PROBLEM REQUIREMENTS:
Which lines in the records below contain the word "definition"? Copy each of them.

SUPPLIED RECORDS:
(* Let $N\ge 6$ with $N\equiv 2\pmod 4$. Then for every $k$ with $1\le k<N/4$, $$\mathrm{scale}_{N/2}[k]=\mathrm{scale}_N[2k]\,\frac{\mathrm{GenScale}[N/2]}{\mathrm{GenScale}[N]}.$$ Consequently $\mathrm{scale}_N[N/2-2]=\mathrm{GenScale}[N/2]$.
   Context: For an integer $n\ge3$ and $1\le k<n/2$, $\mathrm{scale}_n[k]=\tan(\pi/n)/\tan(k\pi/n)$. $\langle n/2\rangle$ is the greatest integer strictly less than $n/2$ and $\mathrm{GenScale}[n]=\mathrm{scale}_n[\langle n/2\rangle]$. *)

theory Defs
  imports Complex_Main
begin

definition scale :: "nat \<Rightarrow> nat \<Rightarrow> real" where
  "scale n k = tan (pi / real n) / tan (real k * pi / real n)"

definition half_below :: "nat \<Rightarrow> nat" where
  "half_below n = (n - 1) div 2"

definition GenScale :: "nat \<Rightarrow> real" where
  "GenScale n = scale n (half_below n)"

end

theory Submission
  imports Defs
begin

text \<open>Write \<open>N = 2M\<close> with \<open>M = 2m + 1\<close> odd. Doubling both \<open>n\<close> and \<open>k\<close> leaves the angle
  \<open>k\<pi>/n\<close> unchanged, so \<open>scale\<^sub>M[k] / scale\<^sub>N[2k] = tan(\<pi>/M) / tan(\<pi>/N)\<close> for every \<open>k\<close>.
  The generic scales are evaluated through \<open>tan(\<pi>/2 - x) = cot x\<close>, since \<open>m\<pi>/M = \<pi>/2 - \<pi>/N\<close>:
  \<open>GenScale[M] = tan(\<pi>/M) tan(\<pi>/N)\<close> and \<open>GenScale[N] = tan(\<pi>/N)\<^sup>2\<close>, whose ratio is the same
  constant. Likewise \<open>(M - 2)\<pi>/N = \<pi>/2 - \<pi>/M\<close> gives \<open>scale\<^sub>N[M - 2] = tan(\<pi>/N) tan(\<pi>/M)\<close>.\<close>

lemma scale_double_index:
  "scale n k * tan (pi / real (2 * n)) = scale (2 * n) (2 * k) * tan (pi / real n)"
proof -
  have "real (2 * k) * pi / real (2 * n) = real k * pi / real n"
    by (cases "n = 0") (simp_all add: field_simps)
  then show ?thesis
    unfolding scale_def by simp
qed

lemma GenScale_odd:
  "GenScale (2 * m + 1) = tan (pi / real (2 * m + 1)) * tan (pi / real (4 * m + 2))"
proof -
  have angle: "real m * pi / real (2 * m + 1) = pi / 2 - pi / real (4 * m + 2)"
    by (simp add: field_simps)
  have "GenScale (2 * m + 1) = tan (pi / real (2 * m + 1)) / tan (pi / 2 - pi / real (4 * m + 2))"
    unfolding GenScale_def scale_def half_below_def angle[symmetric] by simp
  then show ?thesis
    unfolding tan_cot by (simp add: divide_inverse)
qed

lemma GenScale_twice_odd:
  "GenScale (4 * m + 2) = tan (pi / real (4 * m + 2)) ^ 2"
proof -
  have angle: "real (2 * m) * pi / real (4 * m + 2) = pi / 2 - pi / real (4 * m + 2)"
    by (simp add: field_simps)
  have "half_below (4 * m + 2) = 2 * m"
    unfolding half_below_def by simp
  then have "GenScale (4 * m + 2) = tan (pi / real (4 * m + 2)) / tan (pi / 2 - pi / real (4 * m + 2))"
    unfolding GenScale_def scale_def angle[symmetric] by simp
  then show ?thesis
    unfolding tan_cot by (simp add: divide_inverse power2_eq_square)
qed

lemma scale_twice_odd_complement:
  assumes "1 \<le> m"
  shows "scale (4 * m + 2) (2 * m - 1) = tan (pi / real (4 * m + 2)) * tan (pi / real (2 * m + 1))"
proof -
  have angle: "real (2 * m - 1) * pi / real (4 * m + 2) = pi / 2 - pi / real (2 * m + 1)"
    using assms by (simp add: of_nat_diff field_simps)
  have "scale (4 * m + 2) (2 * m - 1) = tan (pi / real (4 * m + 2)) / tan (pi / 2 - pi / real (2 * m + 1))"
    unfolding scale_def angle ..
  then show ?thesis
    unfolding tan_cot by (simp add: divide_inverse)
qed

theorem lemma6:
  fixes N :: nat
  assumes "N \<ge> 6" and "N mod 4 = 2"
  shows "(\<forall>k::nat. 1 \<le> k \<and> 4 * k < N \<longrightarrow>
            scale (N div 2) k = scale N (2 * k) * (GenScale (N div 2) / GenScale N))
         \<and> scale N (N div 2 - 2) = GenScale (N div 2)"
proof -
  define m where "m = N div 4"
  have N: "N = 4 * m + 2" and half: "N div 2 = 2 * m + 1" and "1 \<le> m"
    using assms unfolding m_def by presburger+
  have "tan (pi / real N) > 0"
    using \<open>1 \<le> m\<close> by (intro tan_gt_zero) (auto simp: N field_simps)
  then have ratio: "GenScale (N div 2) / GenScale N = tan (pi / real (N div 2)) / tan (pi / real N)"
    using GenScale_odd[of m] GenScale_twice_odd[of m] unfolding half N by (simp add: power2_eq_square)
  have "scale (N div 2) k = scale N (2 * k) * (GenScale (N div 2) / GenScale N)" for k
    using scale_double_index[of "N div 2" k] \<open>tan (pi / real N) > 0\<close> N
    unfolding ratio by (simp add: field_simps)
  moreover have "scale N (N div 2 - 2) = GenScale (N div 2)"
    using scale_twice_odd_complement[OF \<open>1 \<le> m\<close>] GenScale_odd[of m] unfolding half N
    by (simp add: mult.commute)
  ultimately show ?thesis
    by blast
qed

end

RESULT:
definition scale :: "nat \<Rightarrow> nat \<Rightarrow> real" where
definition half_below :: "nat \<Rightarrow> nat" where
definition GenScale :: "nat \<Rightarrow> real" where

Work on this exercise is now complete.